Sobre las dolencias psicológicas colectivas de los agentes planea un conflicto que enfrenta al Gobierno local andalucista con la plantilla policial. Mientras el alcalde acusa a los policías de utilizar bajas fraudulentas y presionar con el absentismo masivo para perseguir una subida de sueldo, desde la plantilla se argumenta que solo piden más medios para trabajar y que el gobierno local les está coaccionando y haciendo imposible su labor -obligándoles a patrullar solos y a pie- para desmembrar al colectivo y castigar a los que no son 'de la cuerda' del alcalde.
La película es bien distinta según quien la cuente, pero el final es que los ciudadanos y la ciudad costera turística por excelencia de Granada, con una población que se multiplica en fines de semana y vacaciones, están pagando los platos rotos. Con menos de tres policías trabajando por turno, Almuñécar está como para una bulla... y comienza el periodo vacacional.

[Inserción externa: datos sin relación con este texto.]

lemma Ainf_is_glb:
  assumes "a \<in> Acar n p" "b \<in> Acar n p"
  shows "is_glb (Acar n p) (Ale n) a b (Ainf n a b)"
  using Ainf_lower_bounds[OF assms] Ainf_greatest[OF assms] unfolding is_glb_def by blast

lemma Ameet_eq_Ainf:
  assumes "a \<in> Acar n p" "b \<in> Acar n p"
  shows "Ameet n p a b = Ainf n a b"
  unfolding Ameet_def using Ale_antisym Ainf_is_glb[OF assms] by (rule The_glb_eq)

lemma Asup_is_lub:
  assumes "a \<in> Acar n p" "b \<in> Acar n p"
  shows "is_lub (Acar n p) (Ale n) a b (Asup n a b)"
  unfolding Asup_eq_Aneg_Ainf[OF assms]
  using Aneg_closed Aneg_Aneg Ale_Aneg_iff assms
  by (rule is_lub_antitone_involution) (simp_all add: Ainf_is_glb Aneg_closed assms)

lemma Ajoin_eq_Asup:
  assumes "a \<in> Acar n p" "b \<in> Acar n p"
  shows "Ajoin n p a b = Asup n a b"
  unfolding Ajoin_def using Ale_antisym Asup_is_lub[OF assms] by (rule The_lub_eq)

lemma Ameet_Ajoin_distrib:
  assumes "a \<in> Acar n p" "b \<in> Acar n p" "c \<in> Acar n p"
  shows "Ameet n p a (Ajoin n p b c) = Ajoin n p (Ameet n p a b) (Ameet n p a c)"
proof -
  have "Asup n b c \<in> Acar n p"
    using Asup_is_lub[OF assms(2,3)] by (simp add: is_lub_def)
  then show ?thesis
    using assms Ainf_lower_bounds(1)
    by (simp add: Ameet_eq_Ainf Ajoin_eq_Asup Ainf_Asup_distrib)
qed

lemma Aimp_residuation:
  assumes "a \<in> Acar n p" "b \<in> Acar n p" "c \<in> Acar n p"
  shows "Ale n (Aprod n p a b) c \<longleftrightarrow> Ale n a (Aimp n p b c)"
  unfolding Aimp_def
  using Aprod_closed Aneg_closed Aneg_Aneg Aprod_assoc Ale_Aneg_iff_Aprod_le_Abot assms
  by (rule residuation_of_orthogonality)

lemma Aimp_Abot: "a \<in> Acar n p \<Longrightarrow> Aimp n p a (Abot n) = Aneg n p a"
  by (simp add: Aimp_def Aneg_Abot Aprod_Atop)

lemma Aimp_Aimp_Abot: "a \<in> Acar n p \<Longrightarrow> Aimp n p (Aimp n p a (Abot n)) (Abot n) = a"
  by (simp add: Aimp_Abot Aneg_closed Aneg_Aneg)

end

theorem theorem3p1:
  fixes n p :: int
  assumes "n \<ge> 1" and "p \<ge> 1"
  shows
    "(\<forall>a\<in>Acar n p. \<forall>b\<in>Acar n p. Aprod n p a b \<in> Acar n p)
   \<and> (\<forall>a\<in>Acar n p. \<forall>b\<in>Acar n p. \<forall>c\<in>Acar n p.
        Aprod n p (Aprod n p a b) c = Aprod n p a (Aprod n p b c))
   \<and> (\<forall>a\<in>Acar n p. \<forall>b\<in>Acar n p. Aprod n p a b = Aprod n p b a)
   \<and> Atop n p \<in> Acar n p
   \<and> (\<forall>a\<in>Acar n p. Aprod n p a (Atop n p) = a)
   \<and> (\<forall>a\<in>Acar n p. Ale n a a)
   \<and> (\<forall>a\<in>Acar n p. \<forall>b\<in>Acar n p. Ale n a b \<and> Ale n b a \<longrightarrow> a = b)
   \<and> (\<forall>a\<in>Acar n p. \<forall>b\<in>Acar n p. \<forall>c\<in>Acar n p. Ale n a b \<and> Ale n b c \<longrightarrow> Ale n a c)
   \<and> (\<forall>a\<in>Acar n p. \<forall>b\<in>Acar n p. \<exists>z. is_glb (Acar n p) (Ale n) a b z)
   \<and> (\<forall>a\<in>Acar n p. \<forall>b\<in>Acar n p. \<exists>z. is_lub (Acar n p) (Ale n) a b z)
   \<and> (\<forall>a\<in>Acar n p. \<forall>b\<in>Acar n p. \<forall>c\<in>Acar n p.
        Ameet n p a (Ajoin n p b c) = Ajoin n p (Ameet n p a b) (Ameet n p a c))
   \<and> Abot n \<in> Acar n p
   \<and> (\<forall>a\<in>Acar n p. Ale n (Abot n) a \<and> Ale n a (Atop n p))
   \<and> (\<forall>a\<in>Acar n p. \<forall>b\<in>Acar n p. \<forall>c\<in>Acar n p.
        Ale n (Aprod n p a b) c \<longleftrightarrow> Ale n a (Aimp n p b c))
   \<and> (\<forall>a\<in>Acar n p. Aimp n p (Aimp n p a (Abot n)) (Abot n) = a)"
  \<comment> \<open>\<open>Ale_trans\<close> is tried last: its middle element must come from a hypothesis.\<close>
  by (intro conjI ballI impI exI; (elim conjE)?)
    (assumption | rule Aprod_closed[OF assms] Aprod_assoc[OF assms] Aprod_commute[OF assms]
      Atop_mem[OF assms] Aprod_Atop[OF assms] Ale_refl Ale_antisym[OF assms]
      Ainf_is_glb[OF assms] Asup_is_lub[OF assms] Ameet_Ajoin_distrib[OF assms] Abot_mem[OF assms]
      Abot_le[OF assms] le_Atop[OF assms] Aimp_residuation[OF assms] Aimp_Aimp_Abot[OF assms]
      Ale_trans[OF assms])+

end
lemma obtain_coset_representatives:
  assumes ws: "set ws \<subseteq> left_cosets G H" "length ws = Suc m"
  obtains r where "\<And>i. i \<le> m \<Longrightarrow> r i \<in> carrier G" "set ws = (\<lambda>i. r i <# H) ` {..m}"
proof -
  have "ws ! i \<in> left_cosets G H" if "i \<le> m" for i
    using ws(1) nth_mem[of i ws] that ws(2) by auto
  then have "\<forall>i. \<exists>a. i \<le> m \<longrightarrow> a \<in> carrier G \<and> ws ! i = a <# H"
    unfolding left_cosets_def by blast
  from choice[OF this] obtain r
    where r: "\<And>i. i \<le> m \<Longrightarrow> r i \<in> carrier G" "\<And>i. i \<le> m \<Longrightarrow> ws ! i = r i <# H"
    by blast
  have "set ws = (\<lambda>i. ws ! i) ` {..m}"
    using ws(2) by (auto simp: in_set_conv_nth less_Suc_eq_le)
  also have "\<dots> = (\<lambda>i. r i <# H) ` {..m}"
    using r(2) by (intro image_cong) auto
  finally show thesis
    using r(1) that by blast
qed

lemma has_depth_if_base:
  assumes fin: "finite (carrier G)" and H: "subgroup H G" and "0 < m"
    and ws: "set ws \<subseteq> left_cosets G H" "length ws = Suc m" and base: "is_base G (set ws)"
  shows "has_depth G H (2 * m + 1)"
proof -
  obtain r where r: "\<And>i. i \<le> m \<Longrightarrow> r i \<in> carrier G" and "set ws = (\<lambda>i. r i <# H) ` {..m}"
    using obtain_coset_representatives[OF ws] by blast
  with base have "act_free G H (map (\<lambda>i. inv (r i) \<otimes> r (Suc i)) [0..<m])"
    using act_free_if_base[of H m r, OF H r \<open>0 < m\<close>] by simp
  moreover have "map (\<lambda>i. inv (r i) \<otimes> r (Suc i)) [0..<m] \<in> tuples G m"
    using r by (auto simp: tuples_def)
  ultimately have "bimod_summand G H H H (tuples G (m + 1)) (tuples G m)"
    using bimod_summand_if_act_free[OF H fin] \<open>0 < m\<close> by simp
  then show ?thesis
    unfolding has_depth_def using \<open>0 < m\<close> by auto
qed
(* For every $l\in L$ and $x_0\in\{x,y\}$: $\partial^A_{x_0}(l)=\operatorname{ad}_{\partial^L_{x_0}(l)}(1\otimes1)$.
   Context: $A=\mathbb{R}\langle x,y\rangle$; $L\subset A$ the free Lie algebra on $x,y$. $\partial^A_{x_0}:A\to A\otimes A$ is given on monomials by $a_1\cdots a_n\mapsto\sum_{i:\,a_i=x_0}a_1\cdots a_{i-1}\otimes a_{i+1}\cdots a_n$; write $\partial^A_{x_0}(l)=\sum\partial^1\otimes\partial^2$, and $\partial^L_{x_0}(l)=\sum\partial^1\epsilon(\partial^2)\in A$ where $\epsilon:A\to\mathbb{R}$ is the constant-term algebra homomorphism. $A\otimes A$ is an $A$-bimodule via $a(b\otimes c)d=ab\otimes cd$. For $a\in A$, $\operatorname{ad}_a:A\otimes A\to A\otimes A$ is defined linearly in $a$ by $\operatorname{ad}_1=\mathrm{id}$ and $\operatorname{ad}_{za}(m)=z\,\operatorname{ad}_a(m)-\operatorname{ad}_a(m)\,z$ for $z\in\{x,y\}$ and monomials $a$. *)

theory Defs
  imports Complex_Main "HOL-Library.Poly_Mapping"
begin

datatype gen = GX | GY

type_synonym word = "gen list"

text \<open>A = R<x,y>: finitely supported real coefficient functions on words (monomials).
  A \<otimes> A: finitely supported real coefficient functions on pairs of words,
  the pair (u,v) standing for the basis tensor u \<otimes> v.\<close>
type_synonym alg = "word \<Rightarrow>\<^sub>0 real"
type_synonym alg2 = "(word \<times> word) \<Rightarrow>\<^sub>0 real"

definition gen_el :: "gen \<Rightarrow> alg" where
  "gen_el z = Poly_Mapping.single [z] 1"

definition one_alg :: alg where
  "one_alg = Poly_Mapping.single [] 1"

definition smul :: "real \<Rightarrow> alg \<Rightarrow> alg" where
  "smul c p = Poly_Mapping.map (\<lambda>r. c * r) p"
text \<open>The product of \<open>ising_multi V E b z\<close> with the edge polynomial of \<open>e\<close> in separate variables
  \<open>w\<close>, in which the edge variables at the vertices in \<open>T\<close> have been identified with the vertex
  variables \<open>z\<close>.\<close>

definition contracted :: "'a set \<Rightarrow> ('a \<Rightarrow> complex) \<Rightarrow> ('a \<Rightarrow> complex) \<Rightarrow> complex" where
  "contracted T z w = (\<Sum>R\<in>Pow V. \<Sum>W\<in>Pow (e - T).
     b ^ card (cut_edges V E R) * cut_weight e b ((R \<inter> T) \<union> W) * (\<Prod>x\<in>R. z x) * (\<Prod>x\<in>W. w x))"

definition contracted_zero_free :: "'a set \<Rightarrow> bool" where
  "contracted_zero_free T \<longleftrightarrow>
     (\<forall>w. (\<forall>x\<in>e. cmod (w x) < 1) \<longrightarrow> zero_free_polydisc V (\<lambda>z. contracted T z w))"

lemma contracted_empty: "contracted {} z w = ising_multi V E b z * edge_poly e b w"
  unfolding contracted_def ising_multi_def edge_poly_def sum_product by (simp add: algebra_simps)

lemma contracted_all:
  assumes "finite E" "e \<notin> E" "e \<subseteq> V"
  shows "contracted e z w = ising_multi V (insert e E) b z"
  unfolding contracted_def ising_multi_def
  using power_card_cut_edges_insert[OF assms, of b] by (simp add: Int_commute)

El déficit de seguridad municipal está dando más de un quebradero de cabeza a la Guardia Civil de la Costa, que ha tenido que redoblar esfuerzos para no dejar abandonada la ciudad, incluso fuera de sus competencias: Por ejemplo se puede ver a agentes de la Guardia Civil atendiendo accidentes en el casco urbano. Y en San Juan tuvieron que desplegar más de veinte agentes para reforzar Almuñécar, porque los policías locales fallaron casi todos: tenían que haber trabajado ocho y se quedó uno.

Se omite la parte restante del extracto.